• What you will do: Give back an exact copy of the lines in the records below, from the line that has "using 2 by (simp" through the line that has "define c where", and nothing besides.
=== Section Start ===
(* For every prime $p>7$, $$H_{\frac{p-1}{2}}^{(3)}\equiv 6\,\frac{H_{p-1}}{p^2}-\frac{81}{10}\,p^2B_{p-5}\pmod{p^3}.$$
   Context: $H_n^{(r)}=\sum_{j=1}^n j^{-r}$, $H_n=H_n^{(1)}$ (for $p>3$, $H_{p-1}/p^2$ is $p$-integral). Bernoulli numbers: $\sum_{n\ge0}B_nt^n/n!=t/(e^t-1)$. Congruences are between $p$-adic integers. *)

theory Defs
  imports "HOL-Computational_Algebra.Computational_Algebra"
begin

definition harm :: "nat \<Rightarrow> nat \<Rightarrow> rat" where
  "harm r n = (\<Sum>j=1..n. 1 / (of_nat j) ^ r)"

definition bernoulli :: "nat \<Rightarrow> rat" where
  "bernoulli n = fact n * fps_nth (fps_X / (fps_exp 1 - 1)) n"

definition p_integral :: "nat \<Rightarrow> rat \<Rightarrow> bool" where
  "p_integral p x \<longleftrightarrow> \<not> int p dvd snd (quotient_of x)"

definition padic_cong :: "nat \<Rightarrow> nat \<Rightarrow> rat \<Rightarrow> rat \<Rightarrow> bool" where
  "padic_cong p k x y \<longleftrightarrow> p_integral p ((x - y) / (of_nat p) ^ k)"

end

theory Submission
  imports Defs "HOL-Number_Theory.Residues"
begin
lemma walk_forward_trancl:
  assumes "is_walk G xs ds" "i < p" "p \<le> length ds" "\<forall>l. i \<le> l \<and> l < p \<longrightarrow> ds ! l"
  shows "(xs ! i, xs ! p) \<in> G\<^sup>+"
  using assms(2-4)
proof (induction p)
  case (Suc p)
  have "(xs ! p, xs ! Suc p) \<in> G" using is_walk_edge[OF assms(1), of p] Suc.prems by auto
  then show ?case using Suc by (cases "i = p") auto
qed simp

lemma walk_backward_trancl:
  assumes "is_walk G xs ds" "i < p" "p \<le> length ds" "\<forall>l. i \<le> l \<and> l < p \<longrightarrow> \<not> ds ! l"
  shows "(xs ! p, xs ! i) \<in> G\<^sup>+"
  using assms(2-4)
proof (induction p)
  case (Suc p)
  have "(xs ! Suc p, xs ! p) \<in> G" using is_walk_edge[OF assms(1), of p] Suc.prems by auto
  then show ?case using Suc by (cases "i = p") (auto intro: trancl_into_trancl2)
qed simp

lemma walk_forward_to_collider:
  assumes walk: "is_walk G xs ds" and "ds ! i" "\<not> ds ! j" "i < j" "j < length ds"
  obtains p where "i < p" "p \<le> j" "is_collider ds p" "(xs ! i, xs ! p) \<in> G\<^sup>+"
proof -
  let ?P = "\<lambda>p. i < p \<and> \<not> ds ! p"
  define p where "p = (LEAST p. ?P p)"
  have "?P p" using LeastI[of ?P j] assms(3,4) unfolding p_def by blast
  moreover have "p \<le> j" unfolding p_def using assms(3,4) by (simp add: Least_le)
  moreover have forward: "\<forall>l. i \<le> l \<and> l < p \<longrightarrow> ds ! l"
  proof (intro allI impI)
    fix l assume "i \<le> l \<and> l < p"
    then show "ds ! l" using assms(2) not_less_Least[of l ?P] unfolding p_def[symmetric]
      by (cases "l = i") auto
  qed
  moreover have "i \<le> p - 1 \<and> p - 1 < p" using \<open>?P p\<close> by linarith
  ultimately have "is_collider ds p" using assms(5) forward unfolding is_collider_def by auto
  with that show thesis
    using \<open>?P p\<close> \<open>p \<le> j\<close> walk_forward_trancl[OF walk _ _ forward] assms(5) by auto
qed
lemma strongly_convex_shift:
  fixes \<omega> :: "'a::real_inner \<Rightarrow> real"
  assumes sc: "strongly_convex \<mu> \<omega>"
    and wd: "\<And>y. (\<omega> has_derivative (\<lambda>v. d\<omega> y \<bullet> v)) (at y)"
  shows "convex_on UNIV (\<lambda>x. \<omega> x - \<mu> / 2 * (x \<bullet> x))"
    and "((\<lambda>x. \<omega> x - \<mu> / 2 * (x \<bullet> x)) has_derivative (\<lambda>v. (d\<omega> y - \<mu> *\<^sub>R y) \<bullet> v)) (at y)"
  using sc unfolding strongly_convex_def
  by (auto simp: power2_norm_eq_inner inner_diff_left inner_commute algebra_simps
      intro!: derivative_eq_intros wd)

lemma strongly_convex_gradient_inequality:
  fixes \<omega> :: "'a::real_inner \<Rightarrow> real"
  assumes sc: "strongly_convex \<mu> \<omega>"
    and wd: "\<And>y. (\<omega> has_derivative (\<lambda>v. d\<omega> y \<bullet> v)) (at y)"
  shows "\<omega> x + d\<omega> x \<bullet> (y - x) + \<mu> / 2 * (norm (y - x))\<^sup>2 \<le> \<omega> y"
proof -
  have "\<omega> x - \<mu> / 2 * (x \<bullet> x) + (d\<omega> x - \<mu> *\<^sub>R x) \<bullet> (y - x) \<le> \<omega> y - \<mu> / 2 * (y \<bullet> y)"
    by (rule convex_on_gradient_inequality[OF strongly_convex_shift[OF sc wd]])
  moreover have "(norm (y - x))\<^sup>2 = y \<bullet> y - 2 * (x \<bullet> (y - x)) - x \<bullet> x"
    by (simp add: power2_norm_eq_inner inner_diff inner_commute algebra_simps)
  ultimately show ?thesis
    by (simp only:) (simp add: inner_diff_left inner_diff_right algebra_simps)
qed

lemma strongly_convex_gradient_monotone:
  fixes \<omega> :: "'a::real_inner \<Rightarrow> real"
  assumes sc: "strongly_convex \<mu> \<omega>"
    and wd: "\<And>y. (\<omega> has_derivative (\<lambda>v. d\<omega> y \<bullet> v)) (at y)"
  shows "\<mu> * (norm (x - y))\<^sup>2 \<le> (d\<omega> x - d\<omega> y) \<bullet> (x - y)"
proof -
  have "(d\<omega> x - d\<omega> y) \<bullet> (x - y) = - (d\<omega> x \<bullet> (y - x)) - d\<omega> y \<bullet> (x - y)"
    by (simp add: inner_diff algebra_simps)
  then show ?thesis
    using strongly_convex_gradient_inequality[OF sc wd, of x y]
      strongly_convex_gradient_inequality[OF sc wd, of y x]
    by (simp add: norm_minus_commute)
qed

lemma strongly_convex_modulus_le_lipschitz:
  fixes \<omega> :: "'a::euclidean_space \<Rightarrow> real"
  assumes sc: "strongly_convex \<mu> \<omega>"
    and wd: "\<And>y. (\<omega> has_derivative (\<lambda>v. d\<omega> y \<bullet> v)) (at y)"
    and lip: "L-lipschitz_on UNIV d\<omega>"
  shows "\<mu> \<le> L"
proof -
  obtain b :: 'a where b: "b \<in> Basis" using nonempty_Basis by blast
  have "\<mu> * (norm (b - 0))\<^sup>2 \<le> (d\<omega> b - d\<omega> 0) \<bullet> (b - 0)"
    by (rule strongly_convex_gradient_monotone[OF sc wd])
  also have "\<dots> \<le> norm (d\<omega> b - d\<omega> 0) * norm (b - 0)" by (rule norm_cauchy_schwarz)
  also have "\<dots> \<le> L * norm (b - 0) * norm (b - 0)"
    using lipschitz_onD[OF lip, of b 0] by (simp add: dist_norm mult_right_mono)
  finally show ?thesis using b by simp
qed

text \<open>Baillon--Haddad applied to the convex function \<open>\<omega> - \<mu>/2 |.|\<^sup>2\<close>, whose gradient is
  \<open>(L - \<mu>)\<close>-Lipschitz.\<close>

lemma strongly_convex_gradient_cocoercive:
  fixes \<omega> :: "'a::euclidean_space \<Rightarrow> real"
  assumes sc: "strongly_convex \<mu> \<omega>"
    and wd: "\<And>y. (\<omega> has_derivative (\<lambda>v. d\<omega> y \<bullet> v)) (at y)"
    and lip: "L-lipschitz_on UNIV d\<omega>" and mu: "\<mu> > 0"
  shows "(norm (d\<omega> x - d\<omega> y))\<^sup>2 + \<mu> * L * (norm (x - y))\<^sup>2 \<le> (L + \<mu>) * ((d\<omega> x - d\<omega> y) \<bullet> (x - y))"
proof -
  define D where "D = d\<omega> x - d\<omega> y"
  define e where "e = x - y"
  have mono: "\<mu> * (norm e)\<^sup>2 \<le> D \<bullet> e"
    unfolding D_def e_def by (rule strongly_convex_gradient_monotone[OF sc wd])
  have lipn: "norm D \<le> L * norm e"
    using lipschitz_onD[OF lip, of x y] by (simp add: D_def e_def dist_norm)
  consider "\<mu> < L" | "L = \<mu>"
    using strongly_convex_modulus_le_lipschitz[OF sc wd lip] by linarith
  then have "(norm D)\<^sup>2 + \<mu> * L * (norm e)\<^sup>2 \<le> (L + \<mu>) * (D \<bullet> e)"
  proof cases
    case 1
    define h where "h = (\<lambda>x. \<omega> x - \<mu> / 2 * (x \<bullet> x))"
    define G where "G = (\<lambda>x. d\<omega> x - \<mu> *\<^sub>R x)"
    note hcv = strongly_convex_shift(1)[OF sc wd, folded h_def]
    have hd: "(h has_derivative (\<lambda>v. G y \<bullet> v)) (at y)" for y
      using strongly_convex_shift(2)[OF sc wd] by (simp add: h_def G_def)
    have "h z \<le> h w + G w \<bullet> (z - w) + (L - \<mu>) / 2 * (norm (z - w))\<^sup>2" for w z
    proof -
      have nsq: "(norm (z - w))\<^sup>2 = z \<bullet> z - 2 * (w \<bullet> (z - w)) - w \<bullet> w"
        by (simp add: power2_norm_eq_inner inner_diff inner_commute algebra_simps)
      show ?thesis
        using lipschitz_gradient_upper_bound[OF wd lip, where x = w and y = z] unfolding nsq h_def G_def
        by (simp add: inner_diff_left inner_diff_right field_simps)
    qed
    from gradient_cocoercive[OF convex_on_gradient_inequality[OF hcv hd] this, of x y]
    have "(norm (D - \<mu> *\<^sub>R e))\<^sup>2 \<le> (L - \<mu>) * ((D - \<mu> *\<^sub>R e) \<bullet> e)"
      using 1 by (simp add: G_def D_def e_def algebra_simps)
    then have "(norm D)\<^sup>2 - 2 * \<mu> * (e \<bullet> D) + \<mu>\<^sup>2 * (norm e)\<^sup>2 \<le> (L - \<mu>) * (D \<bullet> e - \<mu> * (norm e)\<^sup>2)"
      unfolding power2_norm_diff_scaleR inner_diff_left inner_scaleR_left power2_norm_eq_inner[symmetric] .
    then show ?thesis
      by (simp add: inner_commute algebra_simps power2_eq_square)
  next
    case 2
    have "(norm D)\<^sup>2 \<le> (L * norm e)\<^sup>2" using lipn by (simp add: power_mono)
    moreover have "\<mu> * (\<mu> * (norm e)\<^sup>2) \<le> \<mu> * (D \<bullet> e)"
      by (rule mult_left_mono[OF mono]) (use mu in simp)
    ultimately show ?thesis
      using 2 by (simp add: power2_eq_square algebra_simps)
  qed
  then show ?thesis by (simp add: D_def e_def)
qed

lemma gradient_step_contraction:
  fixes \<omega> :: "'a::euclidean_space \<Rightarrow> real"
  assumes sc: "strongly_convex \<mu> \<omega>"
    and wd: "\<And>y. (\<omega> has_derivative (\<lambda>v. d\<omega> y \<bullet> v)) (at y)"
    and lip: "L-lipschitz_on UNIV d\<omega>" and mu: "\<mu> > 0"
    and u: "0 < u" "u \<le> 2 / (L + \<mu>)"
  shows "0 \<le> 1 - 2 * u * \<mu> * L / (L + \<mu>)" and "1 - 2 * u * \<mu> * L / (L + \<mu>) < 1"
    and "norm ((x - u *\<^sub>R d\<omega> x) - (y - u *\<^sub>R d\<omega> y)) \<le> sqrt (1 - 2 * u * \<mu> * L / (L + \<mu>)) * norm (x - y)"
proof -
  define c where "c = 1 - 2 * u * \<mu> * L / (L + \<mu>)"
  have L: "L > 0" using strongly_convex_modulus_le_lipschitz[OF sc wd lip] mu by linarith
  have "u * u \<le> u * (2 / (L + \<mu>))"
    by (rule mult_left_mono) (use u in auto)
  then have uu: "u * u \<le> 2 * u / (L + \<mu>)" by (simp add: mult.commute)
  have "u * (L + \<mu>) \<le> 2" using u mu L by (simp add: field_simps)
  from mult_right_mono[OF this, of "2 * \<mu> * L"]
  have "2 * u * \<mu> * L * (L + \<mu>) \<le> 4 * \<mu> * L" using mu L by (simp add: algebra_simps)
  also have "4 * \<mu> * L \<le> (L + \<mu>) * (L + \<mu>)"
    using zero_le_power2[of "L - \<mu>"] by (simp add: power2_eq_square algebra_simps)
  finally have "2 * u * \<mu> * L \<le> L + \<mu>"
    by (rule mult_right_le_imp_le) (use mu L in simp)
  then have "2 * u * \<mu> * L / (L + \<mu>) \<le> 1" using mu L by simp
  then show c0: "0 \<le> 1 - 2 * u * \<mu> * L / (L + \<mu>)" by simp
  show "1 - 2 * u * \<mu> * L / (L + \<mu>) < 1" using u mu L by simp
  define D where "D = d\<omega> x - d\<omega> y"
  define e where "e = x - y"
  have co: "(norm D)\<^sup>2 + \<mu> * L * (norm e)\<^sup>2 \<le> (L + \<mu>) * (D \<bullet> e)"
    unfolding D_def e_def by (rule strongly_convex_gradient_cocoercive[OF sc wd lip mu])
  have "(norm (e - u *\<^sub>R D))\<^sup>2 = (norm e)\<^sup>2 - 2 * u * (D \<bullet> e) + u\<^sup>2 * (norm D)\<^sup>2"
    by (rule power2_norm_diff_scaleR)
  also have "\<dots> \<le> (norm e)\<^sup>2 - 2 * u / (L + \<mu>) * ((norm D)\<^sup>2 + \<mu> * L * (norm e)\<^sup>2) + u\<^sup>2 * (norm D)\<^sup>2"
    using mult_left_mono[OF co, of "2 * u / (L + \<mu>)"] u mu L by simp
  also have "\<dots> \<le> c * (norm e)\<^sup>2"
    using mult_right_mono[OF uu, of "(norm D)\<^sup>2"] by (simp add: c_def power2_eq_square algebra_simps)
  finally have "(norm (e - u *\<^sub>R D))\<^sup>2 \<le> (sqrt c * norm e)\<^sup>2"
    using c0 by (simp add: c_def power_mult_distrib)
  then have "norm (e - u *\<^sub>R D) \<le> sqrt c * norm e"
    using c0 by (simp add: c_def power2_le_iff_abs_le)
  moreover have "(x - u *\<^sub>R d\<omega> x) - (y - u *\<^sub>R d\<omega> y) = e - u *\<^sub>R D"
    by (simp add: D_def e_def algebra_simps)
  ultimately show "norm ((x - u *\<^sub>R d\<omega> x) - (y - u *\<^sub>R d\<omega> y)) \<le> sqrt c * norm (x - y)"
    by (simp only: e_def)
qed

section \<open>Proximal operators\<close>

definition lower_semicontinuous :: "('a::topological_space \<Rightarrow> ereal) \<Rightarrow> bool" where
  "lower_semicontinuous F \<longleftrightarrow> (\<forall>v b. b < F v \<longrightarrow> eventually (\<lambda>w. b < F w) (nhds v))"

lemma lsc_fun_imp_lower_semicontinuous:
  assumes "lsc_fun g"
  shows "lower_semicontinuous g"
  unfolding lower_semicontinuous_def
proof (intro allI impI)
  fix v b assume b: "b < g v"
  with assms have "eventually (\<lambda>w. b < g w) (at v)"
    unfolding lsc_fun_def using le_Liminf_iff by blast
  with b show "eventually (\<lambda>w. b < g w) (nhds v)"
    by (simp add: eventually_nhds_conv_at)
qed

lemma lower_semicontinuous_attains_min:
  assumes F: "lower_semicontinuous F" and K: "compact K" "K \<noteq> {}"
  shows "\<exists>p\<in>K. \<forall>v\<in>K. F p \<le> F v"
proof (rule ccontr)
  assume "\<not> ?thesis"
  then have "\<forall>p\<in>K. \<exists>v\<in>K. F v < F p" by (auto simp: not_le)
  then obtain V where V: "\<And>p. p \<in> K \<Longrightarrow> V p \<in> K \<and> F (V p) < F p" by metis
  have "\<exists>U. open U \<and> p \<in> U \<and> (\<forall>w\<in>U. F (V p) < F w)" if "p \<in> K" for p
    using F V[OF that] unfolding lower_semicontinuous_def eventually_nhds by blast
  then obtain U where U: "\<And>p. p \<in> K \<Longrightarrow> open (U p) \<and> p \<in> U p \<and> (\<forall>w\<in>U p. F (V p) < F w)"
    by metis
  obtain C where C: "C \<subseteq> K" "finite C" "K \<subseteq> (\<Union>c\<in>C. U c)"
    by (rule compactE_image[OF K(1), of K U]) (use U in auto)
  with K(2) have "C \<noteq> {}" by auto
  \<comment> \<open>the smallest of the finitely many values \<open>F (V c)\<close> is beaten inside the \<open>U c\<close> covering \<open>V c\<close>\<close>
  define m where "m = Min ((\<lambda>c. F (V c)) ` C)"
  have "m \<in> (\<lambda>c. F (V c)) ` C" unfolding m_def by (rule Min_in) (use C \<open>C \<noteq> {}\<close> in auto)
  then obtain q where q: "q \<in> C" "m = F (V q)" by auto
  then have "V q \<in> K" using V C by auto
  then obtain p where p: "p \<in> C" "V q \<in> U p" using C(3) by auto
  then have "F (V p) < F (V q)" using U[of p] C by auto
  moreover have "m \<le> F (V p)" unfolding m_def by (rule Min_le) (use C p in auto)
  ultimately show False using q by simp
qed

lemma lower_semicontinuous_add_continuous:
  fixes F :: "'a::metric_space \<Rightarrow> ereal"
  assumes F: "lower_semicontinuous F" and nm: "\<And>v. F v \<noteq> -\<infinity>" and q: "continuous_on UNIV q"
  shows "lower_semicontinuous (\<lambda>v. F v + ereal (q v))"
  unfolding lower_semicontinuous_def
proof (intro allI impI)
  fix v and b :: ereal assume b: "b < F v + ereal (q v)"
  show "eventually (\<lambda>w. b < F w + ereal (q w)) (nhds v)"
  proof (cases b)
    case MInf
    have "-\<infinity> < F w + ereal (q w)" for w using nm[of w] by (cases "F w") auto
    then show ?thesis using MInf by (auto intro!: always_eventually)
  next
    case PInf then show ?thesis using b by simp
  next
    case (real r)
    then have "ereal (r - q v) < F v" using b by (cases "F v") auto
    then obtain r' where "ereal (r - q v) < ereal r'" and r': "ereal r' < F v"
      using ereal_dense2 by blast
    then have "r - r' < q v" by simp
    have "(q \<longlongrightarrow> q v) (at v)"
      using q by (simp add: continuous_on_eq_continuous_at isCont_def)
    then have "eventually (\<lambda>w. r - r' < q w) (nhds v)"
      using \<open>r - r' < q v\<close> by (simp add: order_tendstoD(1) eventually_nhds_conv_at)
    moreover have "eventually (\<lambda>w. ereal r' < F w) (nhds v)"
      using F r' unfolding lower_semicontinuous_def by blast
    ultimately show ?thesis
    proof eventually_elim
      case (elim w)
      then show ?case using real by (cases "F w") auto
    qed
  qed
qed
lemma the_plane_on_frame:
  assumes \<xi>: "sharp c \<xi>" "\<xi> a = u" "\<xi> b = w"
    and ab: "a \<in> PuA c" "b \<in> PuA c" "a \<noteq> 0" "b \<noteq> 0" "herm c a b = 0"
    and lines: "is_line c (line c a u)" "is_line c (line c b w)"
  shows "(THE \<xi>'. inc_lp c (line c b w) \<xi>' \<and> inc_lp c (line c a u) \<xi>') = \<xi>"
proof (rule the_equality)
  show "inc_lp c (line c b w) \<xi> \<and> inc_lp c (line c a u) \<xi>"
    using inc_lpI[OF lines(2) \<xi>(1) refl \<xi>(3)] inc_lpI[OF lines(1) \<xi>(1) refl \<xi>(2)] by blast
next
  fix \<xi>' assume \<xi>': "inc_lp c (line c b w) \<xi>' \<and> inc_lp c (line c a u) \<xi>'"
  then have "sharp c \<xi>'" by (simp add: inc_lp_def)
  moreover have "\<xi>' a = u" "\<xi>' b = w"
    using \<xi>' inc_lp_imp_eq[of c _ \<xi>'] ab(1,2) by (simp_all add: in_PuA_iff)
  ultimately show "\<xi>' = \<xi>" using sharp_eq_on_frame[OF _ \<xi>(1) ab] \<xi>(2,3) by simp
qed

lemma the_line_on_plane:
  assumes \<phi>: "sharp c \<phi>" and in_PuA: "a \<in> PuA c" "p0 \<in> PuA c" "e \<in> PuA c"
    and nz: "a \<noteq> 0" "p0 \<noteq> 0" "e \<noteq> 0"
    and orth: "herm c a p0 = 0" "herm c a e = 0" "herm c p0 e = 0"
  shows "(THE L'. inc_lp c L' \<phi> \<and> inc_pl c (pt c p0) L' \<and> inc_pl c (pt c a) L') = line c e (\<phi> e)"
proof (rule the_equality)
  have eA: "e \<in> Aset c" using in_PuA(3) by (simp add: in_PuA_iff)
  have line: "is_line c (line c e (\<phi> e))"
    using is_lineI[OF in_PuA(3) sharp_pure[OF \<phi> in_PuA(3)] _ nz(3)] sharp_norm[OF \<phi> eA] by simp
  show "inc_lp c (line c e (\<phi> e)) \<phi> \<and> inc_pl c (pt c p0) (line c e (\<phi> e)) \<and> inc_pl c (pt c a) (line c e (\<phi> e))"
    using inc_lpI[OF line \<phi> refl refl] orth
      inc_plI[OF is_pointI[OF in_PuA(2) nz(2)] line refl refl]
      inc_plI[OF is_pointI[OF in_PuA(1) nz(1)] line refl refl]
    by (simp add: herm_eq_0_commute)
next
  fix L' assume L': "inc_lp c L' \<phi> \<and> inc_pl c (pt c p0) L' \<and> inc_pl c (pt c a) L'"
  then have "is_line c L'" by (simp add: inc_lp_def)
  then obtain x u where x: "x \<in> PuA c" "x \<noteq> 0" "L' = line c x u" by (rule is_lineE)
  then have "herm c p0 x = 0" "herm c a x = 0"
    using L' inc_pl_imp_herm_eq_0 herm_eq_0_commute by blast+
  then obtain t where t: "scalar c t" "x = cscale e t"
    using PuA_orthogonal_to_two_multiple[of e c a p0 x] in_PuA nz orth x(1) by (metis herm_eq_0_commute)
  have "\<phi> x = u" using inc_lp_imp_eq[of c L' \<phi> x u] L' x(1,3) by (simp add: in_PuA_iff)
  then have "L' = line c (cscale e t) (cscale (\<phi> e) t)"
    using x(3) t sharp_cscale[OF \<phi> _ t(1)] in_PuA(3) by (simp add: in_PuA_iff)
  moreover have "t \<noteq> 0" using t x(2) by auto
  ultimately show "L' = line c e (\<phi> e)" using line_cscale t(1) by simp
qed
=== Section End ===
• Response box:
      using 2 by (simp add: power2_eq_square algebra_simps)
  qed
  then show ?thesis by (simp add: D_def e_def)
qed

lemma gradient_step_contraction:
  fixes \<omega> :: "'a::euclidean_space \<Rightarrow> real"
  assumes sc: "strongly_convex \<mu> \<omega>"
    and wd: "\<And>y. (\<omega> has_derivative (\<lambda>v. d\<omega> y \<bullet> v)) (at y)"
    and lip: "L-lipschitz_on UNIV d\<omega>" and mu: "\<mu> > 0"
    and u: "0 < u" "u \<le> 2 / (L + \<mu>)"
  shows "0 \<le> 1 - 2 * u * \<mu> * L / (L + \<mu>)" and "1 - 2 * u * \<mu> * L / (L + \<mu>) < 1"
    and "norm ((x - u *\<^sub>R d\<omega> x) - (y - u *\<^sub>R d\<omega> y)) \<le> sqrt (1 - 2 * u * \<mu> * L / (L + \<mu>)) * norm (x - y)"
proof -
  define c where "c = 1 - 2 * u * \<mu> * L / (L + \<mu>)"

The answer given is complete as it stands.